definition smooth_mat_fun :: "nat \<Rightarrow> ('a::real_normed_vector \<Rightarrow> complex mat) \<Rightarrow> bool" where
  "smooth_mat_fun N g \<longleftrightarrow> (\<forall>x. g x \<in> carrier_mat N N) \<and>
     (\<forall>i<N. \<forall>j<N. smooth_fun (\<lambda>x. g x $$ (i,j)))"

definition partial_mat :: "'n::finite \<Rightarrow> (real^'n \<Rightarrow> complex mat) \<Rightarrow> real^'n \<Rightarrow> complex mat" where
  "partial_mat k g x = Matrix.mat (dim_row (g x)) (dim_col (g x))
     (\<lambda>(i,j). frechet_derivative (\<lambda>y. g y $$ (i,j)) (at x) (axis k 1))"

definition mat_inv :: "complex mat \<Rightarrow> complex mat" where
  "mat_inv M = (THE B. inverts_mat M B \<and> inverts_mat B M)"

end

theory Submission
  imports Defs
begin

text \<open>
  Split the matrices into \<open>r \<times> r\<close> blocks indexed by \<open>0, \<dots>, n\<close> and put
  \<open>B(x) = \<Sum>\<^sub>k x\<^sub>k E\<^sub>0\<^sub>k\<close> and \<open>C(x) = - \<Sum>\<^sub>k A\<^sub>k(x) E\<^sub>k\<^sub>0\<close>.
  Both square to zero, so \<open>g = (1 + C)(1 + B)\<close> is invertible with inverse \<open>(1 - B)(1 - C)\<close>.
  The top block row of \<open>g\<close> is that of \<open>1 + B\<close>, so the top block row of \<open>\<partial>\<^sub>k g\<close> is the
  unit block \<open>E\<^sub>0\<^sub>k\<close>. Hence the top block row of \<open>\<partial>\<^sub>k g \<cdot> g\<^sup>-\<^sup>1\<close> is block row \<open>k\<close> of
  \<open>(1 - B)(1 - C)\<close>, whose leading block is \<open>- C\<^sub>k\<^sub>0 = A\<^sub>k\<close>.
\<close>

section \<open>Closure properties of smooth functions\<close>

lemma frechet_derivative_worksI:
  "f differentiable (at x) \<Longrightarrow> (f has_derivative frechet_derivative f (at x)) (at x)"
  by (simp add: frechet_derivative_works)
....
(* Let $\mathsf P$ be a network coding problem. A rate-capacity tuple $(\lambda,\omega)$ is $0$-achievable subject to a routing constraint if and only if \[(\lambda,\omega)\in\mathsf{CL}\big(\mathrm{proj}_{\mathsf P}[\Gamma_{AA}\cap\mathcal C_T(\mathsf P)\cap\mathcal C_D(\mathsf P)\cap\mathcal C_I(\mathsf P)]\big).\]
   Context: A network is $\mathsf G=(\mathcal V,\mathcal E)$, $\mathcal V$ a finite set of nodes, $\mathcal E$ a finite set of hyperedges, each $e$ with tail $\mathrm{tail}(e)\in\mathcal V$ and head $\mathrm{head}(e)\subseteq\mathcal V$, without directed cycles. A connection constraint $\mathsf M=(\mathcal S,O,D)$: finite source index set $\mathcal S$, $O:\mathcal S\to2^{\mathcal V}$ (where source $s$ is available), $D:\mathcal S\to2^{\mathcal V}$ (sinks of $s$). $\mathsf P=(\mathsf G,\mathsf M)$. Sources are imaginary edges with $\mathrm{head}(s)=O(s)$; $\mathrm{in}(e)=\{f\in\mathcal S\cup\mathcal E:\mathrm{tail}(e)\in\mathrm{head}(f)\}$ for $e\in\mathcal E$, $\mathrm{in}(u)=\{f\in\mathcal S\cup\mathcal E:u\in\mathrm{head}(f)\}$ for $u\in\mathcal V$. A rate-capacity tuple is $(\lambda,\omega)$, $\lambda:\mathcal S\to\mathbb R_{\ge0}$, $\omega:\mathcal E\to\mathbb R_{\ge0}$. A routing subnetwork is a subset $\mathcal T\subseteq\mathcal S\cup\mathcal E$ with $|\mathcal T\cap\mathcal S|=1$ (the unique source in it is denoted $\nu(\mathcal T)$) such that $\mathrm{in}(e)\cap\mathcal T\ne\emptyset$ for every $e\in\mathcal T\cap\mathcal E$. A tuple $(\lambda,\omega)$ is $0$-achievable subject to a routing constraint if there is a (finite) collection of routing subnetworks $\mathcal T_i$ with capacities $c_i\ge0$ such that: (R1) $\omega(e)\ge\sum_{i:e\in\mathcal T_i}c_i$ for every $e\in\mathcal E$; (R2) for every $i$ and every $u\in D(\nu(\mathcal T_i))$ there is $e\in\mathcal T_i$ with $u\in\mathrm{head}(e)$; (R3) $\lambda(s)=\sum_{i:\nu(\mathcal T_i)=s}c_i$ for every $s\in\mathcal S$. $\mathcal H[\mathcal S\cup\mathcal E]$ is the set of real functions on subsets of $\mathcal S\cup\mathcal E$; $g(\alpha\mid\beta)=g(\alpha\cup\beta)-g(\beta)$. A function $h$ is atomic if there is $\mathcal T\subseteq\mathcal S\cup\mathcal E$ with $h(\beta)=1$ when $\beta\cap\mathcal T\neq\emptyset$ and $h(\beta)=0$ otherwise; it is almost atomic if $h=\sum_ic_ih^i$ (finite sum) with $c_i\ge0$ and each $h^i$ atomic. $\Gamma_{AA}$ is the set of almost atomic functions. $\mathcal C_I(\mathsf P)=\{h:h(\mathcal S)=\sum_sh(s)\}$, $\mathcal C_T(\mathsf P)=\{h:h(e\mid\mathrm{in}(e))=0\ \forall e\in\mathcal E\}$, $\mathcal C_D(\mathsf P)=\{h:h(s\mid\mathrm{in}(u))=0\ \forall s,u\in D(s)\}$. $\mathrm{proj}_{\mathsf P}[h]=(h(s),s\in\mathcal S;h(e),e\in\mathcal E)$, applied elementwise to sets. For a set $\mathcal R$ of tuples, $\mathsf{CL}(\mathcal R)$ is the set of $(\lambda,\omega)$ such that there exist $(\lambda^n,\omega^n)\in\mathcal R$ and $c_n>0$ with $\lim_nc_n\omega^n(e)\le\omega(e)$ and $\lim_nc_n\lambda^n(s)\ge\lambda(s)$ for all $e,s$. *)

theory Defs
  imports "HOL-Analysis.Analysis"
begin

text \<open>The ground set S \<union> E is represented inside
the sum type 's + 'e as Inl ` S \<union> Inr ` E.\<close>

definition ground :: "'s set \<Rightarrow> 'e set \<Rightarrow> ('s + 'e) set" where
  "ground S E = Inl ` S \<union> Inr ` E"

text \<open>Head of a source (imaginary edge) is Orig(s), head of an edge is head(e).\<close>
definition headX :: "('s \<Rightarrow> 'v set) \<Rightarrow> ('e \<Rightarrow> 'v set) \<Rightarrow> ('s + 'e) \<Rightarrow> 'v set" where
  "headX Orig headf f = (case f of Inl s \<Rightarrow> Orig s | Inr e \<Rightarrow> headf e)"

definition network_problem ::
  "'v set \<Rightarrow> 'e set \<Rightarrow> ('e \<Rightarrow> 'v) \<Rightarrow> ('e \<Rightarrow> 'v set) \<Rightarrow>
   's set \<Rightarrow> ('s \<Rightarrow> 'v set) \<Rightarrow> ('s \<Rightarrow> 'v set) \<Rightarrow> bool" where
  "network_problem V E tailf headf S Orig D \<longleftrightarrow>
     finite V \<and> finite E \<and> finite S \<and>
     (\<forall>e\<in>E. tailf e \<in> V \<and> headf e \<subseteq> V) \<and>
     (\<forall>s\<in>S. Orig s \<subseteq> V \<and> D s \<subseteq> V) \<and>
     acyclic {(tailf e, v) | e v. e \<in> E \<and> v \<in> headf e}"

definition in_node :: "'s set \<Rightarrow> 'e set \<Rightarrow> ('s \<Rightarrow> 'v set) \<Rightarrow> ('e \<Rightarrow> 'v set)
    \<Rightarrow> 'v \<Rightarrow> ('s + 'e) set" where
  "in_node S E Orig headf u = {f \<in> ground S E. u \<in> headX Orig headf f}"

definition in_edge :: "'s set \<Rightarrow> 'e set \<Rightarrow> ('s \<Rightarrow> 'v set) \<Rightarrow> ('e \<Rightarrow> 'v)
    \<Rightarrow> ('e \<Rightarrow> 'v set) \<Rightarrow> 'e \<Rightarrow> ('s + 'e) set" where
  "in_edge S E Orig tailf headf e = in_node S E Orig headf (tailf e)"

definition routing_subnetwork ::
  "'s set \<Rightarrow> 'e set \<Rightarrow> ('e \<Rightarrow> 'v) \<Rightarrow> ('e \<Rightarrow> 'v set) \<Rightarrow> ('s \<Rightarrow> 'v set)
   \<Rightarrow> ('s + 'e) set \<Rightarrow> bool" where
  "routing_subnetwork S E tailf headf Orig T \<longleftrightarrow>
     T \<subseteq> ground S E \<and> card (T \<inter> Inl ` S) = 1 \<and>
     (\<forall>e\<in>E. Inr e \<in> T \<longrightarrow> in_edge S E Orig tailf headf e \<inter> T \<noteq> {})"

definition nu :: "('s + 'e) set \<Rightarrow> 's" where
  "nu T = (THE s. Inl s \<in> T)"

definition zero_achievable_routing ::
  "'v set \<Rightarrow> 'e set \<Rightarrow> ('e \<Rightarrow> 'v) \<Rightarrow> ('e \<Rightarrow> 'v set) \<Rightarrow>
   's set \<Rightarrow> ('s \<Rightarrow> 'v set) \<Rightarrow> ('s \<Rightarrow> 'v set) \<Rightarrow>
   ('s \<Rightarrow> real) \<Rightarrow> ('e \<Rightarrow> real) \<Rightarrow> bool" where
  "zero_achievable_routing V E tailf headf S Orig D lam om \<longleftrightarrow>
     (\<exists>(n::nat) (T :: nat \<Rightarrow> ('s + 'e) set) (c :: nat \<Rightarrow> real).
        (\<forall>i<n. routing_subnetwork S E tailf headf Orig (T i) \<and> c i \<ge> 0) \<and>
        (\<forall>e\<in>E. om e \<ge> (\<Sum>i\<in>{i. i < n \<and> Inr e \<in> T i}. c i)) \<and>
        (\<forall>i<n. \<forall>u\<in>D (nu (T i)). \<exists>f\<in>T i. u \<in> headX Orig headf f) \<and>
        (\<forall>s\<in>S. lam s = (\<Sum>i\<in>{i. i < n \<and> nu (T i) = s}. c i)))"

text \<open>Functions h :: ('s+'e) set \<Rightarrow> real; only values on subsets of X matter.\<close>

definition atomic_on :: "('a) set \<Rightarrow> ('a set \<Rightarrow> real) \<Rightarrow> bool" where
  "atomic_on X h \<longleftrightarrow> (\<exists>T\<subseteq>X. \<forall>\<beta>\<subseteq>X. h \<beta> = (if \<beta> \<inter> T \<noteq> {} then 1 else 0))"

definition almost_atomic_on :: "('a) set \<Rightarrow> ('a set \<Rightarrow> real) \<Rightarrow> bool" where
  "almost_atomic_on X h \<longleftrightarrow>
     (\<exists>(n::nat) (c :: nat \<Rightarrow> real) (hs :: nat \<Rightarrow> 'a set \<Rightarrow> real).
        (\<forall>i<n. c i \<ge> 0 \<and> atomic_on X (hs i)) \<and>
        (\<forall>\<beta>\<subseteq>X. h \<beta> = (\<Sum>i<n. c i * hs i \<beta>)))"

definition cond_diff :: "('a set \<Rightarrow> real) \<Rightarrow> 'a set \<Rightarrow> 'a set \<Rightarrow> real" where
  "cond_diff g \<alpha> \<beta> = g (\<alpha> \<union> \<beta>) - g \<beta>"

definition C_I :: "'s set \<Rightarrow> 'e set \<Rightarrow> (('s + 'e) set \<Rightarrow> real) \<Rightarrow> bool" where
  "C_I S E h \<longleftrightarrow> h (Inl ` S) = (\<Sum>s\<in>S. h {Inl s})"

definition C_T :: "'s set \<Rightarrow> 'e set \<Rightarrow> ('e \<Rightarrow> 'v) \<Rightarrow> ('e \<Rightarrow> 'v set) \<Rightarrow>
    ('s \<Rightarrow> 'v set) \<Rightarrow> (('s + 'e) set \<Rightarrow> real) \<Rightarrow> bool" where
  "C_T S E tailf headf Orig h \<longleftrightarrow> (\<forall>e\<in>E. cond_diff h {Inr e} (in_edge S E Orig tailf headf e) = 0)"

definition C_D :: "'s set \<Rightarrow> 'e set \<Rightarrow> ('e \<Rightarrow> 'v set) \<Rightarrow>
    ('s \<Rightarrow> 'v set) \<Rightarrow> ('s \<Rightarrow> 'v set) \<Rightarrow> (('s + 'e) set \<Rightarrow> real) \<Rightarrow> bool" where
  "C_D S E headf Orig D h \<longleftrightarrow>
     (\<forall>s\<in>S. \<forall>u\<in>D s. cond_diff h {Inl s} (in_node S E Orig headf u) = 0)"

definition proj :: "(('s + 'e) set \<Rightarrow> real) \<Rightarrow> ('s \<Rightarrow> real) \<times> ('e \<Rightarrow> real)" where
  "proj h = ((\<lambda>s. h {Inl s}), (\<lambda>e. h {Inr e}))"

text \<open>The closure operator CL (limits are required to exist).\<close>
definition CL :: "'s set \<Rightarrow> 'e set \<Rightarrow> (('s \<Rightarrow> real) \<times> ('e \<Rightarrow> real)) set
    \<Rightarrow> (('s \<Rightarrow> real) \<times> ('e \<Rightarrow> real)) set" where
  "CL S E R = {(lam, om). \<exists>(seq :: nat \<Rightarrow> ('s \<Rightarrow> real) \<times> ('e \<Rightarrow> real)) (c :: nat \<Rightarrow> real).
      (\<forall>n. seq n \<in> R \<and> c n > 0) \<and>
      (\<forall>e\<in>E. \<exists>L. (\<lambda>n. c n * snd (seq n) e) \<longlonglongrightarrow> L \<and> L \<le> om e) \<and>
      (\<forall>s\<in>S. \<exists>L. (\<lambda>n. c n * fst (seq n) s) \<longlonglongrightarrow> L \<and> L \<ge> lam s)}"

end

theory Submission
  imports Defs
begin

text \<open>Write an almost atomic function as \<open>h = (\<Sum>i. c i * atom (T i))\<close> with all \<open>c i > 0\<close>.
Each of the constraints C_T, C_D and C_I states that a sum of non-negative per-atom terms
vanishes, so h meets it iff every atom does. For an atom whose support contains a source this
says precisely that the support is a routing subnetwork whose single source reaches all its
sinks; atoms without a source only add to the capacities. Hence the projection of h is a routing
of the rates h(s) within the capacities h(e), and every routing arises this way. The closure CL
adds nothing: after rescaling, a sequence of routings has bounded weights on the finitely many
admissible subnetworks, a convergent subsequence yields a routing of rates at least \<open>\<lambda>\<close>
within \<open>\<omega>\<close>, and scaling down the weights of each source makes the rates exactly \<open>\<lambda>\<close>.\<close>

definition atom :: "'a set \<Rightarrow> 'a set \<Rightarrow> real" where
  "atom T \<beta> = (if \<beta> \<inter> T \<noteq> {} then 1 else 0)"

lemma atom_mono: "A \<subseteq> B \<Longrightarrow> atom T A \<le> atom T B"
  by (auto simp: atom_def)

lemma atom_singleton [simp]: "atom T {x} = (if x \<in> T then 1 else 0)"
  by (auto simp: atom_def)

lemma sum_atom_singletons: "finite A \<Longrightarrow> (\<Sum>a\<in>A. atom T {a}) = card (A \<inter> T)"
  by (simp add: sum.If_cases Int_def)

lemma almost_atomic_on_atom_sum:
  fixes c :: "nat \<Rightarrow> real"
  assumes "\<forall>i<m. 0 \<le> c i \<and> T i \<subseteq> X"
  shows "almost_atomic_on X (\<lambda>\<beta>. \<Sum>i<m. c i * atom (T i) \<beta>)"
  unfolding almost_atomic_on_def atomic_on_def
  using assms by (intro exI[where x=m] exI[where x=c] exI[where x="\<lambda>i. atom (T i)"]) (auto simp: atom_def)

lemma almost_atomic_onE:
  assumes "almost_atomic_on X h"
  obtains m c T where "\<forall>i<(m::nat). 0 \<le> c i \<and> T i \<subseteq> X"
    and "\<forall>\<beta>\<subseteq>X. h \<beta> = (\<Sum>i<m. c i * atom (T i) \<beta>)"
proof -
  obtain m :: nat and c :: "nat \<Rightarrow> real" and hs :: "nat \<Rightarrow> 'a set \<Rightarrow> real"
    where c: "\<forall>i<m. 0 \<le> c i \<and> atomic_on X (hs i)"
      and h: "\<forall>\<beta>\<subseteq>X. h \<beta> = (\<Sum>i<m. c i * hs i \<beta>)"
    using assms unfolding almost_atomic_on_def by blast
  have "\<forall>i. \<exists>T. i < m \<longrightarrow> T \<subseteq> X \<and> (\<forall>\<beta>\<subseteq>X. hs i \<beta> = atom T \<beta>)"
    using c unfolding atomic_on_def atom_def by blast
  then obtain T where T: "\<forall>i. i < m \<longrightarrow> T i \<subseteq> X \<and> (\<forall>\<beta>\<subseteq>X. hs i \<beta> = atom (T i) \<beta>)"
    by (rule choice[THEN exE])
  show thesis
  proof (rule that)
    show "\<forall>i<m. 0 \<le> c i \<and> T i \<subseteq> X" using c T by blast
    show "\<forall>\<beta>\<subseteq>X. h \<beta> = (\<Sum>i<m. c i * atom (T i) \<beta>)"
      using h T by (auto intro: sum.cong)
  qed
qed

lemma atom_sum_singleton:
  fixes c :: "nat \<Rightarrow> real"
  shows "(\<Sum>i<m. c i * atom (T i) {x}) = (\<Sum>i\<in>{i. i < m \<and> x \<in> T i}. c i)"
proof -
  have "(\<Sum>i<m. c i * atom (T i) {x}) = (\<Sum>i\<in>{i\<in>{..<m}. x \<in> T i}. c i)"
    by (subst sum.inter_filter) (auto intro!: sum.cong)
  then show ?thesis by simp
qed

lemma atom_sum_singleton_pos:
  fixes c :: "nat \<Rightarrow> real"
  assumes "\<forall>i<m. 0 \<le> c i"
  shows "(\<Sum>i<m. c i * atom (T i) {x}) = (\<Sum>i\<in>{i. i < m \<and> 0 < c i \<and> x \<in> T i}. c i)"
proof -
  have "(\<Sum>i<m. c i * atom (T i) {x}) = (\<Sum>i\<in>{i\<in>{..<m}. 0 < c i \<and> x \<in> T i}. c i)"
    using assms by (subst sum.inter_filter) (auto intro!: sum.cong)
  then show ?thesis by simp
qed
....
* [EXERCISE DIRECTIONS]: Please give back exactly the lines of this listing beginning at the line with "mat \<Rightarrow> complex" and ending with the line with "Split the matrices", both included, and nothing else.

* [SOLUTION]:
definition mat_inv :: "complex mat \<Rightarrow> complex mat" where
  "mat_inv M = (THE B. inverts_mat M B \<and> inverts_mat B M)"

end

theory Submission
  imports Defs
begin

text \<open>
  Split the matrices into \<open>r \<times> r\<close> blocks indexed by \<open>0, \<dots>, n\<close> and put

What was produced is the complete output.